▸ Dataset extract
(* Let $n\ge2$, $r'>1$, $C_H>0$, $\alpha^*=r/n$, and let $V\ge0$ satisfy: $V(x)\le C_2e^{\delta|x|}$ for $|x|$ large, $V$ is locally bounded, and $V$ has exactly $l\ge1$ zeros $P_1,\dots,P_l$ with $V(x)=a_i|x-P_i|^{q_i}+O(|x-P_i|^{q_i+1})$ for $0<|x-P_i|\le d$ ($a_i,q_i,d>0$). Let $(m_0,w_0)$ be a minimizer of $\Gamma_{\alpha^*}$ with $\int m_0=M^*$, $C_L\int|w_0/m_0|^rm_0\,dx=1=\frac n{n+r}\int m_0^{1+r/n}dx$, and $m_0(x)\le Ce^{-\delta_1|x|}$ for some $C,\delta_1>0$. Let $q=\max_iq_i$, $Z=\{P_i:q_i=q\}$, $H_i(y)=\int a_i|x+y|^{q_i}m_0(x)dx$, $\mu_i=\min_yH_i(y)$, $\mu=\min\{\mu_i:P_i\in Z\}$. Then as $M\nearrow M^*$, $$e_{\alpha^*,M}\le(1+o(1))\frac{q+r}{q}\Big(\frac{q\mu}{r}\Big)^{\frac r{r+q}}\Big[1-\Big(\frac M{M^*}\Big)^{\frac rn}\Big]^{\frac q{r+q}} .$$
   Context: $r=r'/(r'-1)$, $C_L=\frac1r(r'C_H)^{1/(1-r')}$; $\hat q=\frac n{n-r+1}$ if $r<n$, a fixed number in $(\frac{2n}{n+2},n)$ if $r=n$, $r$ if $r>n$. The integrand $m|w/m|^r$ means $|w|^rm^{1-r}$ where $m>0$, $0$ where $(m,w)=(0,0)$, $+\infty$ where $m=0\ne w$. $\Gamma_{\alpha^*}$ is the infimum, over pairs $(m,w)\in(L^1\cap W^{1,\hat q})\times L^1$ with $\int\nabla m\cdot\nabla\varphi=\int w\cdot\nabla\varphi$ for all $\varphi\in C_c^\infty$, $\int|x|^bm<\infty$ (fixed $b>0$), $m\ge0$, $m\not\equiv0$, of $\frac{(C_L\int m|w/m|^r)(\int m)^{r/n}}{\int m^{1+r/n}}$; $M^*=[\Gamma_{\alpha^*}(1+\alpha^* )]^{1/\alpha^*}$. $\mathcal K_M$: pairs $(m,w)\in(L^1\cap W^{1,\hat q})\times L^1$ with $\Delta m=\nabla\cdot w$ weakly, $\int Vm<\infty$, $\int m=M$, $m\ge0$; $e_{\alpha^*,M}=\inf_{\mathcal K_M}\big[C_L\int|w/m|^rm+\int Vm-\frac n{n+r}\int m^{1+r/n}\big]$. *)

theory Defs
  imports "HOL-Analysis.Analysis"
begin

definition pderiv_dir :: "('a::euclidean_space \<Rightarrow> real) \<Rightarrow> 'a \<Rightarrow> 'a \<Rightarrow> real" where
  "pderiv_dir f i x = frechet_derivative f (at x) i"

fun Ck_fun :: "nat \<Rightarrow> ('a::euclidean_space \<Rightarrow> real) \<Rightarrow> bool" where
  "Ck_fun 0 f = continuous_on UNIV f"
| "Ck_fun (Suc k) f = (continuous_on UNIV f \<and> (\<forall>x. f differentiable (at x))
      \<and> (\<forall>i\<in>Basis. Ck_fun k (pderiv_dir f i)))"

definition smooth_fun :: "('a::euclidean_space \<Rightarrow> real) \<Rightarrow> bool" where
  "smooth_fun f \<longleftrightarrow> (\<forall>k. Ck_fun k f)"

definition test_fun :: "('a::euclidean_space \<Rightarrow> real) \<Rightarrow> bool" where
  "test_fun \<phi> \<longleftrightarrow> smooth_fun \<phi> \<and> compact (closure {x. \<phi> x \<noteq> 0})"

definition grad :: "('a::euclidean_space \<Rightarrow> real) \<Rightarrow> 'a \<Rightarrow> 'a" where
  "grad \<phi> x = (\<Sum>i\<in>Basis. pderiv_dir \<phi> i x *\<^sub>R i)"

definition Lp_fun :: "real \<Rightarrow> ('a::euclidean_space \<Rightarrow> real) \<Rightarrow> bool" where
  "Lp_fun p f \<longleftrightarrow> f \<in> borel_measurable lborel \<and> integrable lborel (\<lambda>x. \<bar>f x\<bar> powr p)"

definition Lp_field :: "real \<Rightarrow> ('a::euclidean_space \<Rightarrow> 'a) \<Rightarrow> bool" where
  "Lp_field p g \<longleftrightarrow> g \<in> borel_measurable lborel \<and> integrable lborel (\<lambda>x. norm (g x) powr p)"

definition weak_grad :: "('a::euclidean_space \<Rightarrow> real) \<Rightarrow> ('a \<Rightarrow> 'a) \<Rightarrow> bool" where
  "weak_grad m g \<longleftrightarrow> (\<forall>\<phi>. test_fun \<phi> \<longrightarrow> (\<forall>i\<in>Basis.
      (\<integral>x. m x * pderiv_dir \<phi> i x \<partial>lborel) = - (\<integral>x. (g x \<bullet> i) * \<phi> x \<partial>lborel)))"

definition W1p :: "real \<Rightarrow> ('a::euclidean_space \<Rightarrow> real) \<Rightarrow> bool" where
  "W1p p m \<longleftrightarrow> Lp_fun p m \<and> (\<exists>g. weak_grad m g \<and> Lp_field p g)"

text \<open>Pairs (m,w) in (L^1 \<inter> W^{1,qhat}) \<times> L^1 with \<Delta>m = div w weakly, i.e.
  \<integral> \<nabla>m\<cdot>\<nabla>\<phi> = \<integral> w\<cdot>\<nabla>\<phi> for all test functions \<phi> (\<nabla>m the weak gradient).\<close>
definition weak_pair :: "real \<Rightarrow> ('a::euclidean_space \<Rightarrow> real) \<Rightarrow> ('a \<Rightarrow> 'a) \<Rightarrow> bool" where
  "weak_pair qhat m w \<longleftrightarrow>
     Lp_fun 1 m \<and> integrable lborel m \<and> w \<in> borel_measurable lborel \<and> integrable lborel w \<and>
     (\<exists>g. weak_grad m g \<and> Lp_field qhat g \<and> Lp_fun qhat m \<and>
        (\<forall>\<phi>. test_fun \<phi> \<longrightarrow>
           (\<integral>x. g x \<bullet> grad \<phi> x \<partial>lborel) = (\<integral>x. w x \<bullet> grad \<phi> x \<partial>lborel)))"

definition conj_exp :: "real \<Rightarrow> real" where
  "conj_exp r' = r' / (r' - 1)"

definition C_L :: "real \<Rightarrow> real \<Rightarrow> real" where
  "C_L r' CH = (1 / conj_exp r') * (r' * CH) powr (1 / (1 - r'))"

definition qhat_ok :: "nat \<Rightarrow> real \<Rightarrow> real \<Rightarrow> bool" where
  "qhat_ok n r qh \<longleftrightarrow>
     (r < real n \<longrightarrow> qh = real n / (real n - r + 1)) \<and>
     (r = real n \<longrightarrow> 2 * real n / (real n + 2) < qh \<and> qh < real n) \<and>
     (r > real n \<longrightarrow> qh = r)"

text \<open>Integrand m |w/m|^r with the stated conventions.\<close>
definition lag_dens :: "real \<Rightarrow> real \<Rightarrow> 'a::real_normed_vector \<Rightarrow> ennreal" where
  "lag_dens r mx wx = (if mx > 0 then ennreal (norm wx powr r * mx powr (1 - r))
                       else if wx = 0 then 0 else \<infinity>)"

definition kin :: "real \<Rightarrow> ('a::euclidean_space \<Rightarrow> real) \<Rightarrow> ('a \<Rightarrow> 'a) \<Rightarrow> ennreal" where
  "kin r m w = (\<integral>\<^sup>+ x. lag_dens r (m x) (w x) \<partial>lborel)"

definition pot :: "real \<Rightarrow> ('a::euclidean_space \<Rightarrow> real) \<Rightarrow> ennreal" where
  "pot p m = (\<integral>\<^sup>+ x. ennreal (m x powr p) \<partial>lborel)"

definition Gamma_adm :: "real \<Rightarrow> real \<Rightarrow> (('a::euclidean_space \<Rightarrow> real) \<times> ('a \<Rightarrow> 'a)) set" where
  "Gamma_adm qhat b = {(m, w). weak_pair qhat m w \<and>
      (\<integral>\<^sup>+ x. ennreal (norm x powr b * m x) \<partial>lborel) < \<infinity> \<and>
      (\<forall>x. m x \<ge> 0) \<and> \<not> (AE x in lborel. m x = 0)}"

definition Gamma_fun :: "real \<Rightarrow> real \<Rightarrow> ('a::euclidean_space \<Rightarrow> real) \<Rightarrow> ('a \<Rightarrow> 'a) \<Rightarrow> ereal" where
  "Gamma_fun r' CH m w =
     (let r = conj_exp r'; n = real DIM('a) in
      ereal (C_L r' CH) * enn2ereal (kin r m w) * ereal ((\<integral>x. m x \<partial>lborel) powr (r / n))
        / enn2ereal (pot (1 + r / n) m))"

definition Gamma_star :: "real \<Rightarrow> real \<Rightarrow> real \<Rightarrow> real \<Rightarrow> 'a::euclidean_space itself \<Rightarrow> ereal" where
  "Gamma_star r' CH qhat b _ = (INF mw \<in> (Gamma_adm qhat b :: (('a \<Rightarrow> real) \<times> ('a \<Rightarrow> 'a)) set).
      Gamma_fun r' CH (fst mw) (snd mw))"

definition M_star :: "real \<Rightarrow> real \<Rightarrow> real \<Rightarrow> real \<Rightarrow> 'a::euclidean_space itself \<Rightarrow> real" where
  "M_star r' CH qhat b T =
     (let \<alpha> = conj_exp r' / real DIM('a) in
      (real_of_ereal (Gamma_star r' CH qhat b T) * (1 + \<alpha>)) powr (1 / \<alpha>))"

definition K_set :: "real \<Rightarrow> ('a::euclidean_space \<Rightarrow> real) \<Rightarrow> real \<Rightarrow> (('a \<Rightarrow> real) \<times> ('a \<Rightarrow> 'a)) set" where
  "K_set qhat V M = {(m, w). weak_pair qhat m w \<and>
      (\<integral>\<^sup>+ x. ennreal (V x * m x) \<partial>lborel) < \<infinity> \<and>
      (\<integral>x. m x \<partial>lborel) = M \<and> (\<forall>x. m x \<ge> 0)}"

▸ Work item
Within the data above, find the lines that contain the word "open" and copy each of them.

▸ Solution for this task
text \<open>Pairs (m,w) in (L^1 \<inter> W^{1,qhat}) \<times> L^1 with \<Delta>m = div w weakly, i.e.
text \<open>Integrand m |w/m|^r with the stated conventions.\<close>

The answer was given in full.